■ **INFORMATION**:
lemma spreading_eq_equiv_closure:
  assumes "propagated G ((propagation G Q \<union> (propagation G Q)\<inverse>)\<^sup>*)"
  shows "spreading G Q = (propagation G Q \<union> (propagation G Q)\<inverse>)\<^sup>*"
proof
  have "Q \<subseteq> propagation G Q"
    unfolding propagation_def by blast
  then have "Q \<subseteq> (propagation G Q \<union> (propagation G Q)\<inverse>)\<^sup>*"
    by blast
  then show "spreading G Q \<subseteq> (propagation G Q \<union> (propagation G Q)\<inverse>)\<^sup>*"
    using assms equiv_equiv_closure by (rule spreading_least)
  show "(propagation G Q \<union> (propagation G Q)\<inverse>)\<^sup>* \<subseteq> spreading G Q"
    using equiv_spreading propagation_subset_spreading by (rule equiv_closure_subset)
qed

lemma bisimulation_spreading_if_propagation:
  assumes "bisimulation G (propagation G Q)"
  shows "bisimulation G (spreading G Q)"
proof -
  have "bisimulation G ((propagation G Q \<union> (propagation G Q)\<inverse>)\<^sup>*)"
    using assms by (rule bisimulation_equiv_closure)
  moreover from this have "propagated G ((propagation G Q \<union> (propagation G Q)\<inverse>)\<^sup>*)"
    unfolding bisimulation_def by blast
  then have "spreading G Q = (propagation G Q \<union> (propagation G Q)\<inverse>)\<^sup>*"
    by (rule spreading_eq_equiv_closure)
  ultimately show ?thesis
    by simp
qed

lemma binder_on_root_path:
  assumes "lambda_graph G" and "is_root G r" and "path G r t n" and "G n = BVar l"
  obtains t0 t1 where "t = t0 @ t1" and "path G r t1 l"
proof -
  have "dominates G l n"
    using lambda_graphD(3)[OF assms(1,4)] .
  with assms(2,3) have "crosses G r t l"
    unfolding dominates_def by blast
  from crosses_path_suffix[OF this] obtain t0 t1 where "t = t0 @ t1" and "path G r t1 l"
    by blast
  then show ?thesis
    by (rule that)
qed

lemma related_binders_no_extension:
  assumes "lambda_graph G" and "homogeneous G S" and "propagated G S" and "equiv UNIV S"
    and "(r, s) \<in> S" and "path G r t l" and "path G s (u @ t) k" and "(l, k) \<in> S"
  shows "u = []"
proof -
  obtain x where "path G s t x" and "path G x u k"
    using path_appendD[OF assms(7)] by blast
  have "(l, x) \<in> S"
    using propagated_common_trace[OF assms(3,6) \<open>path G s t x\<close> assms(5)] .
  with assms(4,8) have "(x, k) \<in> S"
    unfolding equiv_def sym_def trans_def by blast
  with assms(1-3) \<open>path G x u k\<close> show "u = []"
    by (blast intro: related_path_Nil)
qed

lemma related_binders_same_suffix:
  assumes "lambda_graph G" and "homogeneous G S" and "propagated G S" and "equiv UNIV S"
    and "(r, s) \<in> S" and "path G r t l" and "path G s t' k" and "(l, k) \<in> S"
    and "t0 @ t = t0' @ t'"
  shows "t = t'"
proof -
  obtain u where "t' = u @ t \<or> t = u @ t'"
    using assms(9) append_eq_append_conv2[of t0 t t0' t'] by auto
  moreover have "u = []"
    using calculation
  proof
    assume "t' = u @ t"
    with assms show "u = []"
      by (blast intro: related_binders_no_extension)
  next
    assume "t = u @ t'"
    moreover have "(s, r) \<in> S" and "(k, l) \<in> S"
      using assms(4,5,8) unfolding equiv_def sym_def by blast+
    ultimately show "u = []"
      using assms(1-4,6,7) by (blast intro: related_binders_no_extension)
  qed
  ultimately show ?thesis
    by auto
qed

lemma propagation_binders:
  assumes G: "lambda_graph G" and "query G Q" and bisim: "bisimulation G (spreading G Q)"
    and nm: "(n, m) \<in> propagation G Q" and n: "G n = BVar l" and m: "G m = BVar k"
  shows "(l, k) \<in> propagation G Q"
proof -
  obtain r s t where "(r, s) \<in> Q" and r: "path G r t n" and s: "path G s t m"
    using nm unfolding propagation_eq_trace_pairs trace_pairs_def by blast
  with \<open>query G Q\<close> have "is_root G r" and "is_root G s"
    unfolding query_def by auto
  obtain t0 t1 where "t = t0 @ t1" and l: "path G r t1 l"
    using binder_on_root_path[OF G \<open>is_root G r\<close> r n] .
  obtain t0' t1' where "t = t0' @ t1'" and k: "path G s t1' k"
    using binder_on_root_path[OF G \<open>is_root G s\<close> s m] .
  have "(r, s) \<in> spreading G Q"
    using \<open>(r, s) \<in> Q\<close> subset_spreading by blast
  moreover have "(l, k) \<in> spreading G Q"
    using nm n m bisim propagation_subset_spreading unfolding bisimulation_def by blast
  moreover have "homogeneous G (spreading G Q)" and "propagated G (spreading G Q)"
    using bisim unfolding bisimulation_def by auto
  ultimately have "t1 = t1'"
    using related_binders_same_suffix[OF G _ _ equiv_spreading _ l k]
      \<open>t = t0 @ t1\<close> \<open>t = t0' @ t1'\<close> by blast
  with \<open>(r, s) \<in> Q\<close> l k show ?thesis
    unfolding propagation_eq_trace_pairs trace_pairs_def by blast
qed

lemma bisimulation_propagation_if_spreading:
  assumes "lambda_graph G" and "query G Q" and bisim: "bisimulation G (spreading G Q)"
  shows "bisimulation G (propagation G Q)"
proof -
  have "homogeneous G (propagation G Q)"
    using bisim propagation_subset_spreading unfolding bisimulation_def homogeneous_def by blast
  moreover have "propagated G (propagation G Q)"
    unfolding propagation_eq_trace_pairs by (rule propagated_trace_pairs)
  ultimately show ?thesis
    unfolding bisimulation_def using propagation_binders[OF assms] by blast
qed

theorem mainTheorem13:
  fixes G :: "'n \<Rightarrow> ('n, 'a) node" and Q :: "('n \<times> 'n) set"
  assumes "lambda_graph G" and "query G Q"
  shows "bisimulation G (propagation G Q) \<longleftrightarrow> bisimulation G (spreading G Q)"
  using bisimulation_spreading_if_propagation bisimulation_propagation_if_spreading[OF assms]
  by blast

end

■ **EXERCISE INSTRUCTIONS**:
Starting at the first line of the material above, reproduce each line exactly up to and including the line with "using path_appendD[OF assms(7)] by blast".

■ **EXPECTED ANSWER**:
lemma spreading_eq_equiv_closure:
  assumes "propagated G ((propagation G Q \<union> (propagation G Q)\<inverse>)\<^sup>*)"
  shows "spreading G Q = (propagation G Q \<union> (propagation G Q)\<inverse>)\<^sup>*"
proof
  have "Q \<subseteq> propagation G Q"
    unfolding propagation_def by blast
  then have "Q \<subseteq> (propagation G Q \<union> (propagation G Q)\<inverse>)\<^sup>*"
    by blast
  then show "spreading G Q \<subseteq> (propagation G Q \<union> (propagation G Q)\<inverse>)\<^sup>*"
    using assms equiv_equiv_closure by (rule spreading_least)
  show "(propagation G Q \<union> (propagation G Q)\<inverse>)\<^sup>* \<subseteq> spreading G Q"
    using equiv_spreading propagation_subset_spreading by (rule equiv_closure_subset)
qed

lemma bisimulation_spreading_if_propagation:
  assumes "bisimulation G (propagation G Q)"
  shows "bisimulation G (spreading G Q)"
proof -
  have "bisimulation G ((propagation G Q \<union> (propagation G Q)\<inverse>)\<^sup>*)"
    using assms by (rule bisimulation_equiv_closure)
  moreover from this have "propagated G ((propagation G Q \<union> (propagation G Q)\<inverse>)\<^sup>*)"
    unfolding bisimulation_def by blast
  then have "spreading G Q = (propagation G Q \<union> (propagation G Q)\<inverse>)\<^sup>*"
    by (rule spreading_eq_equiv_closure)
  ultimately show ?thesis
    by simp
qed

lemma binder_on_root_path:
  assumes "lambda_graph G" and "is_root G r" and "path G r t n" and "G n = BVar l"
  obtains t0 t1 where "t = t0 @ t1" and "path G r t1 l"
proof -
  have "dominates G l n"
    using lambda_graphD(3)[OF assms(1,4)] .
  with assms(2,3) have "crosses G r t l"
    unfolding dominates_def by blast
  from crosses_path_suffix[OF this] obtain t0 t1 where "t = t0 @ t1" and "path G r t1 l"
    by blast
  then show ?thesis
    by (rule that)
qed

lemma related_binders_no_extension:
  assumes "lambda_graph G" and "homogeneous G S" and "propagated G S" and "equiv UNIV S"
    and "(r, s) \<in> S" and "path G r t l" and "path G s (u @ t) k" and "(l, k) \<in> S"
  shows "u = []"
proof -
  obtain x where "path G s t x" and "path G x u k"
    using path_appendD[OF assms(7)] by blast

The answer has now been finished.